Always on the lookout for more podcasts to listen to, I somehow stumbled upon Native Plant Podcast. I wish I could remember the rabbit hole I went down that brought me to this masterpiece, but I can’t. What I do remember is being hesitant at first. I am all for calling things what they are. A restaurant called “Restaurant?” Why not? A podcast about native plants called “Native Plant Podcast?” Sure. It’s not the most creative name, but it works. What I was worried about, though, was that a podcast calling itself after native plants was going to be preachy, pushy…or just dull.

Yet I work with native plants every day(!), and I love them – so my initial judgement must say more about myself than anything else. Despite my hesitation – and my inclination to judge a podcast by its cover – I gave it a shot. I’m so glad that I did, because what I found was a highly informative show that is simultaneously delightful, fun, goofy, and entertaining. It’s a podcast that doesn’t take itself too seriously. The hosts and their guests share an important message about the benefits of native plant gardening, and they do so with passion and a sense of urgency while remaining lighthearted and approachable.
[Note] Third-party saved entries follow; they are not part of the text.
lemma dist_eq_if_preferring_mu1:
  assumes "m \<in> men_preferring_mu1"
  shows "d (a m) (a (mu1 m)) = d (a m) (a (mu2 m))"
proof -
  have "finite men_preferring_mu1"
    using finite_men unfolding men_preferring_mu1_def by simp
  moreover have "next_man ` men_preferring_mu1 \<subseteq> men_preferring_mu1"
    using next_man_preferring_mu1 by blast
  moreover have "d (a (next_man x)) (a (mu2 (next_man x))) \<le> d (a x) (a (mu2 x))"
    if "x \<in> men_preferring_mu1" for x
    using dist_mu1_le_mu2[OF that] dist_next_man_le[OF that] by linarith
  ultimately have "d (a (next_man m)) (a (mu2 (next_man m))) = d (a m) (a (mu2 m))"
    using nonincreasing_along_inj_self_map_eq[OF _ inj_on_next_man,
        of "\<lambda>x. d (a x) (a (mu2 x))"] assms by blast
  then show ?thesis
    using dist_mu1_le_mu2[OF assms] dist_next_man_le[OF assms] by linarith
qed

end

lemma two_stable_matchings_swap:
  "two_stable_matchings M W d a T mu1 mu2 \<Longrightarrow> two_stable_matchings M W d a T mu2 mu1"
  unfolding two_stable_matchings_def by (simp add: conj_ac)

lemma two_stable_matchings_dist_eq_men:
  assumes "two_stable_matchings M W d a T mu1 mu2" and "m \<in> M"
  shows "d (a m) (a (mu1 m)) = d (a m) (a (mu2 m))"
proof -
  interpret first: two_stable_matchings M W d a T mu1 mu2 by (rule assms(1))
  interpret second: two_stable_matchings M W d a T mu2 mu1
    by (rule two_stable_matchings_swap[OF assms(1)])
  show ?thesis
  proof (cases "mu1 m = mu2 m")
    case False
    have "total_on W (T m)" "mu1 m \<in> W" "mu2 m \<in> W"
      using first.total_men first.men_matched1 first.men_matched2 \<open>m \<in> M\<close> by auto
    with False have "ranks_above d a T m (mu1 m) (mu2 m) \<or> ranks_above d a T m (mu2 m) (mu1 m)"
      using not_ranks_above_imp_ranks_above[of W T m "mu1 m" "mu2 m" d a] by blast
    then show ?thesis
    proof
      assume "ranks_above d a T m (mu1 m) (mu2 m)"
      with False \<open>m \<in> M\<close> have "m \<in> first.men_preferring_mu1"
        unfolding first.men_preferring_mu1_def by simp
      then show ?thesis by (rule first.dist_eq_if_preferring_mu1)
    next
      assume "ranks_above d a T m (mu2 m) (mu1 m)"
      with False \<open>m \<in> M\<close> have "m \<in> second.men_preferring_mu1"
        unfolding second.men_preferring_mu1_def by simp
      then show ?thesis using second.dist_eq_if_preferring_mu1 by simp
    qed
  qed simp
qed

lemma two_stable_matchingsI:
  assumes "finite M" and "finite W" and "M \<inter> W = {}" and "card M = card W"
    and "\<forall>m\<in>M. strict_linear_order_on W (T m)"
    and "\<forall>w\<in>W. strict_linear_order_on M (T w)"
    and "\<And>p q. d p q = d q p"
    and "stable_matching M W d a T mu1" and "stable_matching M W d a T mu2"
  shows "two_stable_matchings M W d a T mu1 mu2"
proof -
  have "stable_matching W M d a T mu1" "stable_matching W M d a T mu2"
    using assms(3,8,9) stable_matching_swap by blast+
  then show ?thesis
    using assms stable_matching_matches_men[of M W d a T] stable_matching_matches_men[of W M d a T]
    unfolding two_stable_matchings_def strict_linear_order_on_def by (simp add: Int_commute)
qed

theorem lemma3p1:
  fixes M W :: "'p set" and n k :: nat
    and a :: "'p \<Rightarrow> (nat \<Rightarrow> bool)"
    and T :: "'p \<Rightarrow> 'p rel"
    and d :: "(nat \<Rightarrow> bool) \<Rightarrow> (nat \<Rightarrow> bool) \<Rightarrow> real"
    and mu1 mu2 :: "'p \<Rightarrow> 'p"
  assumes "finite M" and "finite W" and "M \<inter> W = {}"
    and "card M = n" and "card W = n"
    and "k \<ge> 1"
    and "\<forall>m\<in>M. strict_linear_order_on W (T m)"
    and "\<forall>w\<in>W. strict_linear_order_on M (T w)"
    and "d = hamming_dist k \<or> d = weighted_hamming_dist k"
    and "stable_matching M W d a T mu1"
    and "stable_matching M W d a T mu2"
  shows "\<forall>x\<in>M \<union> W. d (a x) (a (mu1 x)) = d (a x) (a (mu2 x))"
proof -
  have d_commute: "\<And>p q. d p q = d q p"
    using assms(9) by (auto simp: hamming_dist_commute weighted_hamming_dist_commute)
  have cards: "card M = card W" "card W = card M"
    using assms(4,5) by simp_all
  have "two_stable_matchings M W d a T mu1 mu2"
    by (rule two_stable_matchingsI[OF assms(1-3) cards(1) assms(7,8) d_commute assms(10,11)])
  moreover have "two_stable_matchings W M d a T mu1 mu2"
    by (rule two_stable_matchingsI[OF assms(2,1) _ cards(2) assms(8,7) d_commute
          stable_matching_swap[OF assms(3,10)] stable_matching_swap[OF assms(3,11)]])
      (use assms(3) in blast)
  ultimately show ?thesis
    using two_stable_matchings_dist_eq_men[of M W d a T mu1 mu2]
      two_stable_matchings_dist_eq_men[of W M d a T mu1 mu2] by blast
qed

end
lemma ratio_constant_if_wronskian_zero:
  fixes f g f' g' :: "real \<Rightarrow> real"
  assumes "convex A" "a \<in> A" "b \<in> A"
    and f: "\<And>x. x \<in> A \<Longrightarrow> (f has_real_derivative f' x) (at x within A)"
    and g: "\<And>x. x \<in> A \<Longrightarrow> (g has_real_derivative g' x) (at x within A)"
    and g_nonzero: "\<And>x. x \<in> A \<Longrightarrow> g x \<noteq> 0"
    and wronskian: "\<And>x. x \<in> A \<Longrightarrow> f' x * g x = f x * g' x"
  shows "f b / g b = f a / g a"
proof -
  have "((\<lambda>x. f x / g x) has_real_derivative 0) (at x within A)" if "x \<in> A" for x
    using DERIV_divide[OF f[OF that] g[OF that] g_nonzero[OF that]] wronskian[OF that] by simp
  then obtain c where "\<forall>x\<in>A. f x / g x = c"
    using has_field_derivative_zero_constant[OF \<open>convex A\<close>] by blast
  then show ?thesis using \<open>a \<in> A\<close> \<open>b \<in> A\<close> by simp
qed

lemma positive_by_continuation:
  fixes u v :: "real \<Rightarrow> real"
  assumes u_cont: "continuous_on {a..} u" and v_cont: "continuous_on {a..} v"
    and v_pos: "\<And>t. t \<ge> a \<Longrightarrow> v t > 0" and "u a > 0"
    and agree: "\<And>b. b \<ge> a \<Longrightarrow> \<forall>s\<in>{a..b}. u s > 0 \<Longrightarrow> u b = v b"
    and "t \<ge> a"
  shows "u t > 0"
proof (rule ccontr)
  assume "\<not> u t > 0"
  define Z where "Z = {a..} \<inter> u -` {..0}"
  have "t \<in> Z" using \<open>t \<ge> a\<close> \<open>\<not> u t > 0\<close> by (simp add: Z_def)
  have "closed Z" unfolding Z_def by (rule continuous_closed_preimage[OF u_cont]) auto
  have "bdd_below Z" unfolding Z_def by (rule bdd_belowI[of _ a]) auto
  define t1 where "t1 = Inf Z"
  have "t1 \<in> Z" unfolding t1_def using \<open>t \<in> Z\<close> \<open>closed Z\<close> \<open>bdd_below Z\<close>
    by (intro closed_contains_Inf) auto
  then have "a < t1" "u t1 \<le> 0" using \<open>u a > 0\<close> by (auto simp: Z_def less_le)
  have pos_before: "u s > 0" if "a \<le> s" "s < t1" for s
  proof (rule ccontr)
    assume "\<not> u s > 0"
    then have "s \<in> Z" using that by (simp add: Z_def)
    then have "t1 \<le> s" unfolding t1_def using \<open>bdd_below Z\<close> by (rule cInf_lower)
    with that show False by simp
  qed
  have closure_eq: "closure {a..<t1} = {a..t1}" using \<open>a < t1\<close> by simp
  have "continuous_on (closure {a..<t1}) (\<lambda>s. u s - v s)"
    unfolding closure_eq using u_cont v_cont by (auto intro: continuous_on_diff continuous_on_subset)
  moreover have "u s - v s = 0" if "s \<in> {a..<t1}" for s
    using agree[of s] pos_before that by auto
  moreover have "t1 \<in> closure {a..<t1}" unfolding closure_eq using \<open>a < t1\<close> by simp
  ultimately have "u t1 - v t1 = 0" by (rule continuous_constant_on_closure)
  with v_pos[of t1] \<open>a < t1\<close> \<open>u t1 \<le> 0\<close> show False by simp
qed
native plant podcast logo and sign

Native Plant Podcast is young. The first episode came out in January 2016. It is run by three individuals that met at the Cullowhee Native Plant Conference in North Carolina (a conference that is often mentioned on the podcast). Mike Berkeley and John Magee are the regular hosts; Jesse Turner mainly operates behind the scenes but makes appearances on a few episodes. They each have their own nursery and/or landscaping businesses that deal largely with native plants. Together they have decades of experience working with native plants. In an episode with Neil Diboll of Prairie Nursery, Mike makes the comment that they “were into native plants before it got cool.” Several of the guests that have been on the podcast so far can say the same thing.

One such guest is Miriam Goldberger, owner of Wildflower Farm and author of Taming Wildflowers, who appears on two episodes (part 1 and part 2). Other notable guests include Thomas Rainer, co-outhor of Planting in a Post-Wild World, and David Mizejewski, a naturalist for the National Wildlife Federation. So far all of the guests have been great, and since the the podcast has only been around for a few months, it is easy to catch up on past episodes.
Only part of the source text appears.